Exercise brief: All lines holding the word "which" are to be copied from the records beneath.

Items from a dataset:

Start of Block

(* Let $p$ be a prime number and let $x,y,z\in\mathbb{N}$ with $x\le y\le z$ satisfy $\frac{4}{p}=\frac{1}{x}+\frac{1}{y}+\frac{1}{z}$. Let $d=\gcd(x,y,z)$, $a=\gcd(x,y)/d$, $b=\gcd(x,z)/d$, $c=\gcd(y,z)/d$, and let $x^{\circ},y^{\circ},z^{\circ}$ be the positive integers with $x=x^{\circ}abd$, $y=y^{\circ}acd$, $z=z^{\circ}bcd$. (i) If the solution is of Type I, i.e. $\gcd(x,p)=1$, $\gcd(y,p)=1$ and $\gcd(z,p)=p$, then $x^{\circ}=y^{\circ}=1$ and $z^{\circ}=p$. (ii) If the solution is of Type II, i.e. $\gcd(x,p)=1$, $\gcd(y,p)=p$ and $\gcd(z,p)=p$, then $x^{\circ}=y^{\circ}=z^{\circ}=1$.
   Context: $\mathbb{N}$ denotes the positive integers. The quantities $x^{\circ},y^{\circ},z^{\circ}$ are well-defined positive integers since $abd\mid x$, $acd\mid y$, $bcd\mid z$ ($a,b,c$ are pairwise coprime). *)

theory Defs
  imports Complex_Main "HOL-Computational_Algebra.Primes"
begin

end

theory Submission
  imports Defs
begin

text \<open>
  Writing \<open>x = x0 a b d\<close>, \<open>y = y0 a c d\<close>, \<open>z = z0 b c d\<close>, maximality of the gcds makes
  \<open>x0 b, y0 c\<close>, \<open>x0 a, z0 c\<close> and \<open>y0 a, z0 b\<close> coprime pairs, and clearing denominators gives
  \<open>4 x0 y0 z0 a b c d = p (x0 y0 a + y0 z0 c + x0 z0 b)\<close>.
  So each cofactor divides \<open>p\<close> times a number coprime to it and lies in \<open>{1, p}\<close>; which one
  equals \<open>p\<close> is read off from which of \<open>x, y, z\<close> the prime divides. In Type II, \<open>p\<close> must
  divide \<open>c\<close> (as \<open>y0, z0\<close> are coprime), and then the reduced equation divided by \<open>p\<close>
  forces \<open>p\<close> to divide \<open>a\<close> or \<open>b\<close> unless \<open>y0 = z0 = 1\<close>.
\<close>

lemma coprime_if_gcd_mult_eq:
  fixes g u v :: nat
  assumes "gcd (g * u) (g * v) = g" and "0 < g"
  shows "coprime u v"
proof -
  have "g * gcd u v = g * 1"
    using assms(1) by (simp add: gcd_mult_distrib_nat)
  then show ?thesis
    using assms(2) by (simp add: coprime_iff_gcd_eq_1)
qed

lemma eq_1_or_prime_if_dvd_prime_mult:
  fixes p u s w k :: nat
  assumes "prime p" and "p * (u * s + w) = u * k" and "coprime u w"
  shows "u = 1 \<or> u = p"
proof -
  have "p * w + (p * s) * u = u * k"
    using assms(2) by (simp add: algebra_simps)
  then have "u dvd p * w"
    by (metis dvd_add_times_triv_right_iff dvd_triv_left)
  then have "u dvd p"
    using assms(3) by (simp add: coprime_dvd_mult_left_iff)
  then show ?thesis
    using assms(1) by (simp add: prime_nat_iff)
qed

lemma gcd_prime_eq_1_iff:
  fixes p n :: nat
  assumes "prime p"
  shows "gcd n p = 1 \<longleftrightarrow> \<not> p dvd n"
proof
  assume "gcd n p = 1"
  then show "\<not> p dvd n"
    using assms by (auto simp: gcd_proj2_iff)
next
  assume "\<not> p dvd n"
  then show "gcd n p = 1"
    using prime_imp_coprime[OF assms] by (simp add: coprime_commute)
qed

lemma unit_fractions_eq_iff:
  fixes m n x y z :: nat
  assumes "0 < n" and "0 < x" and "0 < y" and "0 < z"
  shows "real m / real n = 1 / real x + 1 / real y + 1 / real z
     \<longleftrightarrow> m * x * y * z = n * (x * y + y * z + x * z)"
proof -
  have "real m / real n = 1 / real x + 1 / real y + 1 / real z
      \<longleftrightarrow> real (m * x * y * z) = real (n * (x * y + y * z + x * z))"
    using assms by (simp add: field_simps)
  then show ?thesis
    by (simp only: of_nat_eq_iff)
qed

locale gcd_triple_decomposition =
  fixes x y z d a b c x0 y0 z0 :: nat
  assumes positive: "0 < x" "0 < y" "0 < z"
    and d_def: "d = gcd (gcd x y) z"
    and a_def: "a = gcd x y div d" and b_def: "b = gcd x z div d" and c_def: "c = gcd y z div d"
    and x_eq: "x = x0 * a * b * d" and y_eq: "y = y0 * a * c * d" and z_eq: "z = z0 * b * c * d"
begin

lemma gcd_eqs: "gcd x y = a * d" "gcd x z = b * d" "gcd y z = c * d"
proof -
  have "d dvd gcd x y" "d dvd gcd x z" "d dvd gcd y z"
    unfolding d_def by (auto intro: dvd_trans[OF gcd_dvd1] dvd_trans[OF gcd_dvd2])
  then show "gcd x y = a * d" "gcd x z = b * d" "gcd y z = c * d"
    unfolding a_def b_def c_def by simp_all
qed

lemma factors_positive: "0 < a" "0 < b" "0 < c" "0 < d"
  using gcd_eqs positive by (metis gcd_pos_nat mult_is_0 neq0_conv)+

lemma coprime_cofactors:
  "coprime (x0 * b) (y0 * c)" "coprime (x0 * a) (z0 * c)" "coprime (y0 * a) (z0 * b)"
proof -
  have "gcd ((a * d) * (x0 * b)) ((a * d) * (y0 * c)) = a * d"
    using gcd_eqs(1) unfolding x_eq y_eq by (simp add: ac_simps)
  then show "coprime (x0 * b) (y0 * c)"
    by (rule coprime_if_gcd_mult_eq) (simp add: factors_positive)
  have "gcd ((b * d) * (x0 * a)) ((b * d) * (z0 * c)) = b * d"
    using gcd_eqs(2) unfolding x_eq z_eq by (simp add: ac_simps)
  then show "coprime (x0 * a) (z0 * c)"
    by (rule coprime_if_gcd_mult_eq) (simp add: factors_positive)
  have "gcd ((c * d) * (y0 * a)) ((c * d) * (z0 * b)) = c * d"
    using gcd_eqs(3) unfolding y_eq z_eq by (simp add: ac_simps)
  then show "coprime (y0 * a) (z0 * b)"
    by (rule coprime_if_gcd_mult_eq) (simp add: factors_positive)
qed

end

locale erdos_straus_solution = gcd_triple_decomposition +
  fixes p :: nat
  assumes prime: "prime p"
    and erdos_straus: "4 / real p = 1 / real x + 1 / real y + 1 / real z"
begin

lemma reduced_equation:
  "4 * x0 * y0 * z0 * a * b * c * d = p * (x0 * y0 * a + y0 * z0 * c + x0 * z0 * b)"
proof -
  have "4 * x * y * z = p * (x * y + y * z + x * z)"
    using unit_fractions_eq_iff[of p x y z 4] erdos_straus positive prime_gt_0_nat[OF prime]
    by simp
  then have "(a * b * c * d * d) * (4 * x0 * y0 * z0 * a * b * c * d)
      = (a * b * c * d * d) * (p * (x0 * y0 * a + y0 * z0 * c + x0 * z0 * b))"
    unfolding x_eq y_eq z_eq by (simp add: algebra_simps)
  then show ?thesis
    using factors_positive by simp
qed

lemma cofactor_cases: "x0 = 1 \<or> x0 = p" "y0 = 1 \<or> y0 = p" "z0 = 1 \<or> z0 = p"
proof -
  have "p * (x0 * (y0 * a + z0 * b) + y0 * z0 * c) = x0 * (4 * y0 * z0 * a * b * c * d)"
    using reduced_equation by (simp add: algebra_simps)
  moreover have "coprime x0 (y0 * z0 * c)"
    using coprime_cofactors(1,2) by simp
  ultimately show "x0 = 1 \<or> x0 = p"
    using prime eq_1_or_prime_if_dvd_prime_mult by blast
  have "p * (y0 * (x0 * a + z0 * c) + x0 * z0 * b) = y0 * (4 * x0 * z0 * a * b * c * d)"
    using reduced_equation by (simp add: algebra_simps)
  moreover have "coprime y0 (x0 * z0 * b)"
    using coprime_cofactors(1,3) by (simp add: ac_simps)
  ultimately show "y0 = 1 \<or> y0 = p"
    using prime eq_1_or_prime_if_dvd_prime_mult by blast
  have "p * (z0 * (y0 * c + x0 * b) + x0 * y0 * a) = z0 * (4 * x0 * y0 * a * b * c * d)"
    using reduced_equation by (simp add: algebra_simps)
  moreover have "coprime z0 (x0 * y0 * a)"
    using coprime_cofactors(2,3) by (simp add: ac_simps)
  ultimately show "z0 = 1 \<or> z0 = p"
    using prime eq_1_or_prime_if_dvd_prime_mult by blast
qed

lemma factors_dvd: "x0 dvd x" "a dvd x" "b dvd x" "d dvd x" "c dvd y" "y0 dvd y" "z0 dvd z"
  unfolding x_eq y_eq z_eq by simp_all

lemma type_I:
  assumes "\<not> p dvd x" and "\<not> p dvd y" and "p dvd z"
  shows "x0 = 1 \<and> y0 = 1 \<and> z0 = p"
proof (intro conjI)
  show "x0 = 1" "y0 = 1"
    using cofactor_cases(1,2) factors_dvd assms(1,2) by auto
  have "\<not> p dvd b * c * d"
    using assms(1,2) factors_dvd prime by (simp add: prime_dvd_mult_iff) (meson dvd_trans)
  then show "z0 = p"
    using cofactor_cases(3) assms(3) z_eq by auto
qed

lemma prime_dvd_c_if_type_II:
  assumes "\<not> p dvd x" and "p dvd y" and "p dvd z"
  shows "p dvd c"
proof (rule ccontr)
  assume "\<not> p dvd c"
  moreover have "\<not> p dvd a" "\<not> p dvd b" "\<not> p dvd d"
    using assms(1) factors_dvd by (meson dvd_trans)+
  ultimately have "p dvd y0" "p dvd z0"
    using assms(2,3) prime unfolding y_eq z_eq by (auto simp: prime_dvd_mult_iff)
  moreover have "coprime y0 z0"
    using coprime_cofactors(3) by simp
  ultimately show False
    using prime by (metis coprime_common_divisor not_prime_unit)
qed

lemma type_II:
  assumes "\<not> p dvd x" and "p dvd y" and "p dvd z"
  shows "x0 = 1 \<and> y0 = 1 \<and> z0 = 1"
proof -
  have x0: "x0 = 1"
    using cofactor_cases(1) factors_dvd assms(1) by auto
  have not_dvd: "\<not> p dvd a" "\<not> p dvd b"
    using assms(1) factors_dvd by (meson dvd_trans)+
  have p_gt_1: "1 < p"
    using prime prime_gt_1_nat by blast
  have not_both_p: "\<not> (y0 = p \<and> z0 = p)"
    using coprime_cofactors(3) p_gt_1 by auto
  obtain c' where c': "c = p * c'"
    using prime_dvd_c_if_type_II[OF assms] ..
  have equation: "4 * y0 * z0 * a * b * c * d = p * (y0 * a + y0 * z0 * c + z0 * b)"
    using reduced_equation x0 by simp
  have "y0 \<noteq> p"
  proof
    assume "y0 = p"
    then have "z0 = 1" using cofactor_cases(3) not_both_p by auto
    with \<open>y0 = p\<close> have "p * (4 * a * b * c * d) = p * (p * (a + c) + b)"
      using equation by (simp add: algebra_simps)
    then have "p * (a + c) + b = 4 * a * b * c * d"
      using p_gt_1 by simp
    also have "\<dots> = p * (4 * a * b * c' * d)"
      unfolding c' by (simp add: ac_simps)
    finally have "p dvd b"
      by (metis dvd_add_times_triv_left_iff dvd_triv_left mult.commute)
    then show False using not_dvd by simp
  qed
  moreover have "z0 \<noteq> p"
  proof
    assume "z0 = p"
    then have "y0 = 1" using cofactor_cases(2) not_both_p by auto
    with \<open>z0 = p\<close> have "p * (4 * a * b * c * d) = p * (p * (c + b) + a)"
      using equation by (simp add: algebra_simps)
    then have "p * (c + b) + a = 4 * a * b * c * d"
      using p_gt_1 by simp
    also have "\<dots> = p * (4 * a * b * c' * d)"
      unfolding c' by (simp add: ac_simps)
    finally have "p dvd a"
      by (metis dvd_add_times_triv_left_iff dvd_triv_left mult.commute)
    then show False using not_dvd by simp
  qed
  ultimately show ?thesis
    using x0 cofactor_cases(2,3) by auto
qed

end

theorem lemma5:
  fixes p x y z d a b c x0 y0 z0 :: nat
  assumes "prime p"
    and "0 < x" and "x \<le> y" and "y \<le> z"
    and "4 / real p = 1 / real x + 1 / real y + 1 / real z"
    and "d = gcd (gcd x y) z"
    and "a = gcd x y div d" and "b = gcd x z div d" and "c = gcd y z div d"
    and "x = x0 * a * b * d" and "y = y0 * a * c * d" and "z = z0 * b * c * d"
  shows "(gcd x p = 1 \<and> gcd y p = 1 \<and> gcd z p = p \<longrightarrow> x0 = 1 \<and> y0 = 1 \<and> z0 = p)
       \<and> (gcd x p = 1 \<and> gcd y p = p \<and> gcd z p = p \<longrightarrow> x0 = 1 \<and> y0 = 1 \<and> z0 = 1)"
proof -
  interpret erdos_straus_solution x y z d a b c x0 y0 z0 p
    by unfold_locales (use assms in \<open>assumption | linarith\<close>)+
  show ?thesis
    unfolding gcd_prime_eq_1_iff[OF prime] gcd_nat.absorb_iff2[symmetric]
    using type_I type_II by blast
qed

end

End of Block

The answer:
  So each cofactor divides \<open>p\<close> times a number coprime to it and lies in \<open>{1, p}\<close>; which one
  equals \<open>p\<close> is read off from which of \<open>x, y, z\<close> the prime divides. In Type II, \<open>p\<close> must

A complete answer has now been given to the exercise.